Some recent results: i) We have used protein engineering to increase the thermal stability of foot-and-mouth disease virus against dissociation into subunits. We are investigating the molecular determinants of virus thermostabilization and the potentiality of these modified viruses as improved vaccines. ii) In collaboration with other groups we are studying human immunodeficiency virus (HIV) assembly as well as approaches to inhibit this process, aimed at the development of novel anti-HIV drugs. iii) In collaboration with a group of physicists, we are using atomic force microscopy (a technique in current use in our own laboratory) and other techniques to study the relationship between mechanical properties (elasticity) of viral particles, and virus conformational stability and dynamics. For these studies we use the minute virus of mice (MVM) as a model, with the basic aim of determining whether the mechanical properties of viruses have any role in their biology, and what this role could be. In addition, these studies are oriented towards the design of viral nanoparticles with improved properties for biomedical uses (targeted drug delivery) and nanotechnological uses (novel nanodevices).


 

Selected publications:

  • Mateo, R., Luna, E., Rincón, V. and Mateu, M.G. (2008). Engineering viable foot-and-mouth disease virus of increased stability as a step in the development of improved vaccines. J.Virol. 82, 12232-12240.
  • Carrasco, C., Castellanos, M., de Pablo, P.J. and Mateu, M.G. (2008). Manipulation of the mechanical properties of a virus by protein engineering. Proc. Natl. Acad. Sci. USA 105, 4150-4155.
  • Bocanegra, R., Domenech, R., Nevot, M., Rodriguez-Huete, A., López, I., Fuertes, M.A., Cavasotto, C., Martínez, M.A., Neira, J.L. and Mateu, M.G. (2011). Rationally designed interfacial peptides are efficient in vitro inhibitors of HIV-1 capsid assembly with antiviral activity. PLoS ONE. 6, e23877.
  • Castellanos, M., Pérez, R., Carrillo, P.J.P., de Pablo, P.J. and Mateu, M.G. (2012). Mechanical disassembly of single virus particles reveals kinetic intermediates predicted by theory. Biophys.J. 102, 2615-2624.
  • Castellanos, M., Pérez, R., Carrasco, C., Hernando-Pérez, M., Gómez-Herrero, J., de Pablo, P.J. and Mateu, M.G. (2012). A balance between stiffness and elasticity provides a mechanical foundation for the infectivity of a virus. Proc. Natl. Acad. Sci. USA 109, 12028-12033.

 

Last doctoral theses:

Milagros Castellanos Molina (2011). Análisis mutacional de propiedades estructurales y mecánicas del virus diminuto del ratón, y de sus implicaciones biológicas. Universidad Autónoma de Madrid. Director: Mauricio G. Mateu.

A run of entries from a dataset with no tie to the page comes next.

(* Two elements of $SB_n$ are conjugate if and only if their summit sets are identical.
   Context: Fix $n\ge 2$. $SB_n$ is the monoid with generators $\sigma_i,\sigma_i^{-1},x_i$ ($i=1,\dots,n-1$) and relations: $\sigma_i\sigma_j=\sigma_j\sigma_i$ and $x_ix_j=x_jx_i$ if $|i-j|>1$; $x_i\sigma_j=\sigma_jx_i$ if $|i-j|\ne1$; $\sigma_i\sigma_{i+1}\sigma_i=\sigma_{i+1}\sigma_i\sigma_{i+1}$; $\sigma_i\sigma_{i+1}x_i=x_{i+1}\sigma_i\sigma_{i+1}$; $\sigma_{i+1}\sigma_ix_{i+1}=x_i\sigma_{i+1}\sigma_i$; $\sigma_i\sigma_i^{-1}=\sigma_i^{-1}\sigma_i=1$. Two elements $u,v\in SB_n$ are conjugate if $v=g^{-1}ug$ for some invertible $g\in SB_n$ (equivalently $g$ in the image of the braid group, generated by $\sigma_i^{\pm1}$). $SB_n^+$ is the monoid with generators $\sigma_i,x_i$ and all relations except the last; $\doteq$ denotes equality in $SB_n^+$. $\Delta=\sigma_1\cdots\sigma_{n-1}\,\sigma_1\cdots\sigma_{n-2}\cdots\sigma_1\sigma_2\,\sigma_1$. Every element $W$ of $SB_n$ has a unique Garside (left) normal form $W=\Delta^m\overline{A}$, where $m\in\mathbb Z$ (the power of $W$) and $\overline{A}$ is a positive word (in $\sigma_i,x_i$) that is not positively equal to $\Delta Z$ for any positive $Z$ and is the lexicographically smallest positive word positively equal to itself, for the order $\sigma_1<\cdots<\sigma_{n-1}<x_1<\cdots<x_{n-1}$. The summit power of $W$ is the maximum of the powers of all elements conjugate to $W$ (this maximum exists), and the summit set of $W$ is the set of Garside normal forms $\Delta^m\overline{A}$ of the elements conjugate to $W$ whose power $m$ equals the summit power. *)

theory Defs
  imports Main
begin
lemma second_difference_mean_value:
  fixes f :: "'a::real_normed_vector \<Rightarrow> real"
  assumes "\<And>y. f differentiable (at y)" and "0 < h"
  obtains z where "0 < z" "z < h"
    "f (x + h *\<^sub>R u + h *\<^sub>R v) - f (x + h *\<^sub>R u) - f (x + h *\<^sub>R v) + f x
       = h * (frechet_derivative f (at (x + (h *\<^sub>R v + z *\<^sub>R u))) u
              - frechet_derivative f (at (x + z *\<^sub>R u)) u)"
proof -
  define g where "g t = f ((x + h *\<^sub>R v) + t *\<^sub>R u) - f (x + t *\<^sub>R u)" for t
  define g' where "g' t = frechet_derivative f (at (x + h *\<^sub>R v + t *\<^sub>R u)) u
                     - frechet_derivative f (at (x + t *\<^sub>R u)) u" for t
  have "DERIV g t :> g' t" for t
    unfolding g_def g'_def by (intro DERIV_diff has_real_derivative_along_line assms(1))
  then obtain z where "0 < z" "z < h" and "g h - g 0 = (h - 0) * g' z"
    using MVT2[of 0 h g g'] assms(2) by blast
  moreover have "g h - g 0 = f (x + h *\<^sub>R u + h *\<^sub>R v) - f (x + h *\<^sub>R u) - f (x + h *\<^sub>R v) + f x"
    unfolding g_def by (simp add: algebra_simps)
  ultimately show ?thesis using that unfolding g'_def by (simp add: add.assoc)
qed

Rebeca Bocanegra Rojo (2011). Ensamblaje in vitro de la cápsida del virus de la inmunodeficiencia humana, y su inhibición por péptidos diseñados racionalmente. Universidad Autónoma de Madrid. Director: Mauricio G. Mateu.

Verónica Rincón Forero (2012). Relaciones estructura-función en la cápsida del virus de la fiebre aftosa: algunas implicaciones para el desarrollo de vacunas y antivirales. Universidad Autónoma de Madrid. Director: Mauricio G. Mateu.


 

Other activities:

Mauricio G. Mateu, member of the Editorial Board of Virus Research

Mauricio G. Mateu, editor of the book “Structure and Physics of Viruses”, Springer SBM, The Netherlands (published in 2013).